Monday, April 12, 2010

LAND FEVER

I've been working five days a week since early March. It's a financial pleasure as it allows me to pay bills and buy some things for the boat and replenish BIANKA's sailing fund. But, the work requires a Monday to Friday schedule. It does not allow much time for updating this blog and even less time to work on the boat. It's been ten years since I've had such a schedule. It takes some getting use to once you've led a relatively unscheduled life. But, I can tolerate it a few more weeks. Because of this I've only been able to work on the boat on the weekends. So I was at Union Station Friday night waiting for an Amtrak train to take me back to the boat with plans to take care of some projects in preparation for launch in May. Unfortunately, a tree somewhere north of Baltimore decided it was time to cross the Amtrak tracks that night stopping all train service for hours. The result was my window to get out of Washington rapidly closed and another weekend working on the boat was lost. You might say that I've come down with a serious case of land fever. The cure for which is to get on a boat with no planned schedules and no fixed address and no place to be as soon as possible.


or to put it another way:

Call me Ishmael. Some years ago - never mind how long precisely - having little or no money in my purse, and nothing particular to interest me on shore, I thought I would sail about a little and see the watery part of the world.
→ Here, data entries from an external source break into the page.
lemma derived_displacement_lt_max_disp_sequentially:
  assumes "\<And>m. q m \<in> {0..1} - fixset \<rho> H" "q \<longlonglongrightarrow> p" "g \<in> derived G H"
  shows "\<forall>\<^sub>F m in sequentially. \<rho> g (q m) - q m < max_disp (q m)"
proof -
  have "q m \<in> {0..1} - {p}" for m
    using assms(1)[of m] p_fixed by auto
  then have "filterlim q at_p sequentially"
    using assms(2) by (intro filterlim_at_withinI always_eventually) auto
  then have "\<forall>\<^sub>F m in sequentially. q m \<notin> fixset \<rho> H \<longrightarrow> \<bar>\<rho> g (q m) - q m\<bar> < max_disp (q m)"
    using derived_displacement_lt_max_disp[OF assms(3)] unfolding filterlim_iff by blast
  then show ?thesis
    by (rule eventually_mono) (use assms(1) in \<open>auto simp: abs_less_iff\<close>)
qed

end

theorem lemma2p7:
  fixes G :: "('a, 'b) monoid_scheme"
    and \<rho> :: "'a \<Rightarrow> real \<Rightarrow> real"
    and h :: "nat \<Rightarrow> 'a" and n :: nat
    and p :: real and ps :: "nat \<Rightarrow> real"
  assumes "group G"
    and "\<rho> \<in> hom G Diff1_plus_group"
    and "inj_on \<rho> (carrier G)"
    and "h ` {1..n} \<subseteq> carrier G"
    and "p \<in> frontier (fixset \<rho> (generate G (h ` {1..n})))"
    and "\<And>m. ps m \<in> {0..1} - fixset \<rho> (generate G (h ` {1..n}))"
    and "ps \<longlonglongrightarrow> p"
  shows "\<exists>k :: nat \<Rightarrow> nat. \<exists>e :: nat \<Rightarrow> int.
           (\<forall>m. k m \<in> {1..n} \<and> e m \<in> {1, -1}) \<and>
           (\<forall>g \<in> derived G (generate G (h ` {1..n})).
              \<exists>M. \<forall>m\<ge>M. \<rho> g (ps m) < \<rho> (h (k m) [^]\<^bsub>G\<^esub> e m) (ps m))"
proof -
  interpret generated_action G \<rho> h n
    using assms(1,2,4) by (simp add: generated_action_def generated_action_axioms_def)
  have "closed (fixset \<rho> H)"
    using closed_fixset H_carrier by blast
  then have "p \<in> fixset \<rho> H"
    using assms(5) frontier_subset_closed by blast
  then interpret generated_action_fixing G \<rho> h n p
    by unfold_locales
  obtain k and e :: "nat \<Rightarrow> int" where ke: "\<And>m. k m \<in> {1..n}" "\<And>m. e m \<in> {1, -1}"
    "\<And>m. max_disp (ps m) = \<rho> (h (k m) [^]\<^bsub>G\<^esub> e m) (ps m) - ps m"
    by (rule max_disp_choice[of ps, OF assms(6)]) blast
  have "\<exists>M. \<forall>m\<ge>M. \<rho> g (ps m) < \<rho> (h (k m) [^]\<^bsub>G\<^esub> e m) (ps m)" if "g \<in> derived G H" for g
    using derived_displacement_lt_max_disp_sequentially[OF assms(6,7) that]
    unfolding eventually_sequentially ke(3) by simp
  with ke(1,2) show ?thesis
    by blast
qed

end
It is a way I have of driving off the spleen, and regulating the circulation. Whenever I find myself growing grim about the mouth; whenever it is a damp, drizzly November in my soul; whenever I find myself involuntarily pausing before coffin warehouses, and bringing up the rear of every funeral I meet; and especially whenever my hypos get such an upper hand of me, that it requires a strong moral principle to prevent me from deliberately stepping into the street, and methodically knocking people's hats off - then, I account it high time to get to sea as soon as I can. This is my substitute for pistol and ball. With a philosophical flourish Cato throws himself upon his sword; I quietly take to the ship. There is nothing surprising in this. If they but knew it, almost all men in their degree, some time or other, cherish very nearly the same feelings towards the ocean with me.